Officials had anticipated that her release could come as early as Monday evening, but her secretary Hasan Mahmud told AFP the travel plans had been delayed.
"Some practical arrangements have delayed her release and her travel to the United States. She will be released within a day or two. The government is fully cooperating in this regard," Mahmud said.
The sudden move by the army-backed government to release Sheikh Hasina comes as it tries to end a stalemate with Bangladesh's two main political parties, the Awami League and the Bangladesh Nationalist Party (BNP).
Both parties are refusing to hold talks to plan for an election at the end of the year because both of their leaders, Sheikh Hasina and the BNP leader Khaleda Zia, are detained.

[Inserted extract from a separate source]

(* Let $D$ be the diamond graph with $V=\{1,2,3,4\}$ and $E=\{\{1,2\},\{1,3\},\{2,3\},\{2,4\},\{3,4\}\}$, and let $\mathcal{Q}_{\mathrm{Gre}}(D)=\{q\in\mathbb{N}^4:q_iq_j=0\text{ for all }\{i,j\}\in E\}$. For $q=(q_1,q_2,q_3,q_4)$ let $\langle q\rangle=(q_1+q_4,q_2,q_3)$, and let $\langle i\rangle=i$ for $i\in\{1,2,3,\bot\}$ and $\langle4\rangle=1$. Let $\Phi_{\mathrm{Gre}}(K_3)$ be the deterministic size-based policy on the complete graph $K_3$ with nodes $\{1,2,3\}$ given by $\Phi_{\mathrm{Gre}}(K_3)(q,i)=j$ if $q_j\ge1$ for some $j\ne i$ and $\bot$ otherwise. Every greedy policy $\Phi$ adapted to $D$ satisfies: (i) if $\Phi$ is deterministic size-based, then $\langle\Phi(q,i)\rangle=\Phi_{\mathrm{Gre}}(K_3)(\langle q\rangle,\langle i\rangle)$ for all $(q,i)\in\mathcal{Q}_{\mathrm{Gre}}(D)\times V$; (ii) in general, if $\Phi$ has state space $(\mathcal{S},|\cdot|)$, then $\sum_{s'\in\mathcal{S}}\sum_{j\in V\cup\{\bot\}:\ \langle j\rangle=\Phi_{\mathrm{Gre}}(K_3)(\langle|s|\rangle,\langle i\rangle)}\Phi(s,i,j,s')=1$ for all $s\in\mathcal{S}$, $i\in V$; (iii) for every sequence $I=(I_t)$ of item classes, $\langle Q_t\rangle=(Q_{\mathrm{Gre}})_t$ for all $t\in\mathbb{N}$, where $Q$ and $Q_{\mathrm{Gre}}$ are the queue-size processes of the models $(D,I,\Phi)$ and $(K_3,\langle I\rangle,\Phi_{\mathrm{Gre}}(K_3))$, with $\langle I\rangle=(\langle I_t\rangle)_t$.
   Context: Matching dynamics: items of classes $I_0,I_1,\dots$ arrive one at a time; a class-$i$ item can be matched with an unmatched class-$j$ item iff $\{i,j\}$ is an edge; matched items leave; the system starts empty. A (general) policy adapted to a graph: countable state space $\mathcal{S}$, map $|\cdot|:\mathcal{S}\to\mathbb{N}^n$ (unmatched items per class) with unique empty state $\varnothing$, and $\Phi(s,i,j,s')\in[0,1]$, the probability that an arriving class-$i$ item finding state $s$ is matched with class $j$ ($j=\bot$: left unmatched) and the new state is $s'$; $\Phi(s,i,j,s')>0$ only if $j\in\{j'\in V_i:|s|_{j'}\ge1\}\cup\{\bot\}$ ($V_i$ the neighbours of $i$) and $|s'|=|s|+\mathbf{1}_i$ if $j=\bot$, $|s|-\mathbf{1}_j$ otherwise; irreducible state chain from $\varnothing$. Deterministic size-based: $\mathcal{S}\subseteq\mathbb{N}^n$, $|\cdot|$ the identity, and the decision is a function $\Phi(q,i)\in V\cup\{\bot\}$. Greedy: no arriving item is left unmatched while a compatible item is waiting (so queue-size vectors lie in $\mathcal{Q}_{\mathrm{Gre}}$). Queue-size process: $Q_t=|S_t|$ after the first $t$ arrivals. *)

theory Defs
  imports "HOL-Analysis.Analysis"
begin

Despite the courts clearing the way for her release, Sheikh Hasina will still face graft charges and will be tried in absentia.

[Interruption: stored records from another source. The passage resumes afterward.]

lemma VoI_le_second_moment:
  fixes Q :: "'a \<Rightarrow> real^'k::finite"
  assumes A: "compact A" "A \<noteq> {}"
    and Q: "Q \<in> borel_measurable M" "\<And>\<omega>. \<omega> \<in> space M \<Longrightarrow> Q \<omega> \<in> prob_simplex"
    and mean: "expectation Q = p0"
    and second_order: "\<forall>p\<in>prob_simplex. valfun A p - valfun A p0 - g \<bullet> (p - p0) \<le> C * (norm (p - p0))\<^sup>2"
  shows "expectation (\<lambda>\<omega>. valfun A (Q \<omega>)) - valfun A p0 \<le> C * expectation (\<lambda>\<omega>. (norm (Q \<omega> - p0))\<^sup>2)"
proof -
  have cont: "continuous_on UNIV (\<lambda>p. C * (norm (p - p0))\<^sup>2)"
    by (intro continuous_intros)
  have major: "\<forall>p\<in>prob_simplex. valfun A p \<le> valfun A p0 + g \<bullet> (p - p0) + C * (norm (p - p0))\<^sup>2"
    using second_order by (auto dest: bspec)
  have "expectation (\<lambda>\<omega>. valfun A (Q \<omega>)) - valfun A p0
      \<le> expectation (\<lambda>\<omega>. C * (norm (Q \<omega> - p0))\<^sup>2)"
    by (rule expectation_gap_le_if_affine_majorant[OF Q mean
          continuous_on_valfun[OF compact_imp_bounded[OF A(1)] A(2)] cont major])
  then show ?thesis by (simp only: integral_mult_right_zero)
qed

end

lemma Limsup_ratio_eq_0_if_bounded_by_smallo:
  fixes V g :: "real \<Rightarrow> real"
  assumes bounds: "\<And>\<theta>. 0 < \<theta> \<Longrightarrow> 0 \<le> V \<theta> \<and> V \<theta> \<le> C * g \<theta>"
    and g: "g \<in> o[at_right 0](\<lambda>\<theta>. \<theta>)"
  shows "Limsup (at_right 0) (\<lambda>\<theta>. ereal (V \<theta> / \<theta>)) = 0"
proof -
  have pos: "\<forall>\<^sub>F \<theta> in at_right (0::real). 0 < \<theta>"
    by (simp add: eventually_at_right_less)
  have upper: "((\<lambda>\<theta>. C * (g \<theta> / \<theta>)) \<longlongrightarrow> 0) (at_right 0)"
    using tendsto_mult_right_zero[OF smalloD_tendsto[OF g]] by simp
  have "\<forall>\<^sub>F \<theta> in at_right 0. 0 \<le> V \<theta> / \<theta>"
    using pos by eventually_elim (use bounds in simp)
  moreover have "\<forall>\<^sub>F \<theta> in at_right 0. V \<theta> / \<theta> \<le> C * (g \<theta> / \<theta>)"
    using pos by eventually_elim (use bounds in \<open>simp add: divide_right_mono\<close>)
  ultimately have "((\<lambda>\<theta>. V \<theta> / \<theta>) \<longlongrightarrow> 0) (at_right 0)"
    by (rule tendsto_sandwich[OF _ _ tendsto_const upper])
  then show ?thesis
    by (intro lim_imp_Limsup) (auto simp: zero_ereal_def dest: tendsto_ereal)
qed

theorem proposition5p1:
  fixes A :: "(real^'k::finite) set"
    and p0 :: "real^'k"
    and M :: "real \<Rightarrow> 'w measure"
    and q :: "real \<Rightarrow> 'w \<Rightarrow> real^'k"
  assumes A_ne: "A \<noteq> {}" and A_compact: "compact A" and A_convex: "convex A"
    and p0_simplex: "p0 \<in> prob_simplex" and p0_full: "\<forall>k. 0 < p0 $ k"
    and prob: "\<And>\<theta>. \<theta> > 0 \<Longrightarrow> prob_space (M \<theta>)"
    and meas: "\<And>\<theta>. \<theta> > 0 \<Longrightarrow> q \<theta> \<in> borel_measurable (M \<theta>)"
    and vals: "\<And>\<theta> \<omega>. \<theta> > 0 \<Longrightarrow> \<omega> \<in> space (M \<theta>) \<Longrightarrow> q \<theta> \<omega> \<in> prob_simplex"
    and mean: "\<And>\<theta>. \<theta> > 0 \<Longrightarrow> (\<integral>\<omega>. q \<theta> \<omega> \<partial>M \<theta>) = p0"
    and cond: "(\<lambda>\<theta>. \<integral>\<omega>. infdist (q \<theta> \<omega>) (confset A p0) \<partial>M \<theta>) \<in> o[at_right 0](\<lambda>\<theta>. \<theta>)
            \<or> (C2_hypersurface (frontier A) \<and> flexible A p0 \<and>
               (\<lambda>\<theta>. \<integral>\<omega>. (norm (q \<theta> \<omega> - p0))\<^sup>2 \<partial>M \<theta>) \<in> o[at_right 0](\<lambda>\<theta>. \<theta>))"
  shows "Limsup (at_right 0)
           (\<lambda>\<theta>. ereal (((\<integral>\<omega>. valfun A (q \<theta> \<omega>) \<partial>M \<theta>) - valfun A p0) / \<theta>)) = 0"
proof -
  obtain R where R: "\<forall>a\<in>A. norm a \<le> R" "0 < R"
    using compact_imp_bounded[OF A_compact] bounded_pos by blast
  define VoI where "VoI \<theta> = (\<integral>\<omega>. valfun A (q \<theta> \<omega>) \<partial>M \<theta>) - valfun A p0" for \<theta>
  have VoI_nonneg: "0 \<le> VoI \<theta>" if "0 < \<theta>" for \<theta>
    using prob_space.valfun_expectation_le[OF prob[OF that] A_compact A_ne meas[OF that] vals[OF that]]
      mean[OF that]
    by (simp add: VoI_def)
  from cond show ?thesis
  proof (elim disjE conjE)
    assume small: "(\<lambda>\<theta>. \<integral>\<omega>. infdist (q \<theta> \<omega>) (confset A p0) \<partial>M \<theta>) \<in> o[at_right 0](\<lambda>\<theta>. \<theta>)"
    have "VoI \<theta> \<le> 2 * R * (\<integral>\<omega>. infdist (q \<theta> \<omega>) (confset A p0) \<partial>M \<theta>)" if "0 < \<theta>" for \<theta>
      using prob_space.VoI_le_expected_infdist_confset[OF prob[OF that] A_compact A_ne R meas[OF that]
          vals[OF that] mean[OF that] p0_simplex]
      by (simp add: VoI_def)
    then show ?thesis
      unfolding VoI_def[symmetric] using VoI_nonneg
      by (intro Limsup_ratio_eq_0_if_bounded_by_smallo[OF _ small]) auto
  next
    assume flex: "flexible A p0"
      and small: "(\<lambda>\<theta>. \<integral>\<omega>. (norm (q \<theta> \<omega> - p0))\<^sup>2 \<partial>M \<theta>) \<in> o[at_right 0](\<lambda>\<theta>. \<theta>)"
    obtain g C where "\<forall>p\<in>prob_simplex. valfun A p - valfun A p0 - g \<bullet> (p - p0) \<le> C * (norm (p - p0))\<^sup>2"
      using flexible_imp_second_order_upper_bound[OF flex A_compact A_ne p0_simplex] .
    then have "VoI \<theta> \<le> C * (\<integral>\<omega>. (norm (q \<theta> \<omega> - p0))\<^sup>2 \<partial>M \<theta>)" if "0 < \<theta>" for \<theta>
      using prob_space.VoI_le_second_moment[OF prob[OF that] A_compact A_ne meas[OF that] vals[OF that]
          mean[OF that]]
      by (simp add: VoI_def)
    then show ?thesis
      unfolding VoI_def[symmetric] using VoI_nonneg
      by (intro Limsup_ratio_eq_0_if_bounded_by_smallo[OF _ small]) auto
  qed
qed

end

The Deputy Prison Chief Shamsul Haider Siddiqui said on Tuesday they would "release her as soon as they receive the administrative order."
Newspapers have reported the government is also preparing to release Zia, but the two-time former prime minister is refusing to leave Bangladesh, saying she prefers to be treated for her acute arthritis and knee problems at home.
The BNP and the Awami League leaders have been blamed for the political paralysis and unrest that led to the imposition of a state of emergency and formation of an army-backed authority in January 2007.
The interim government had tried to force the two women into exile last year as part of an effort to clean up the country's notoriously dysfunctional political system, but they refused to leave and were put on trial instead.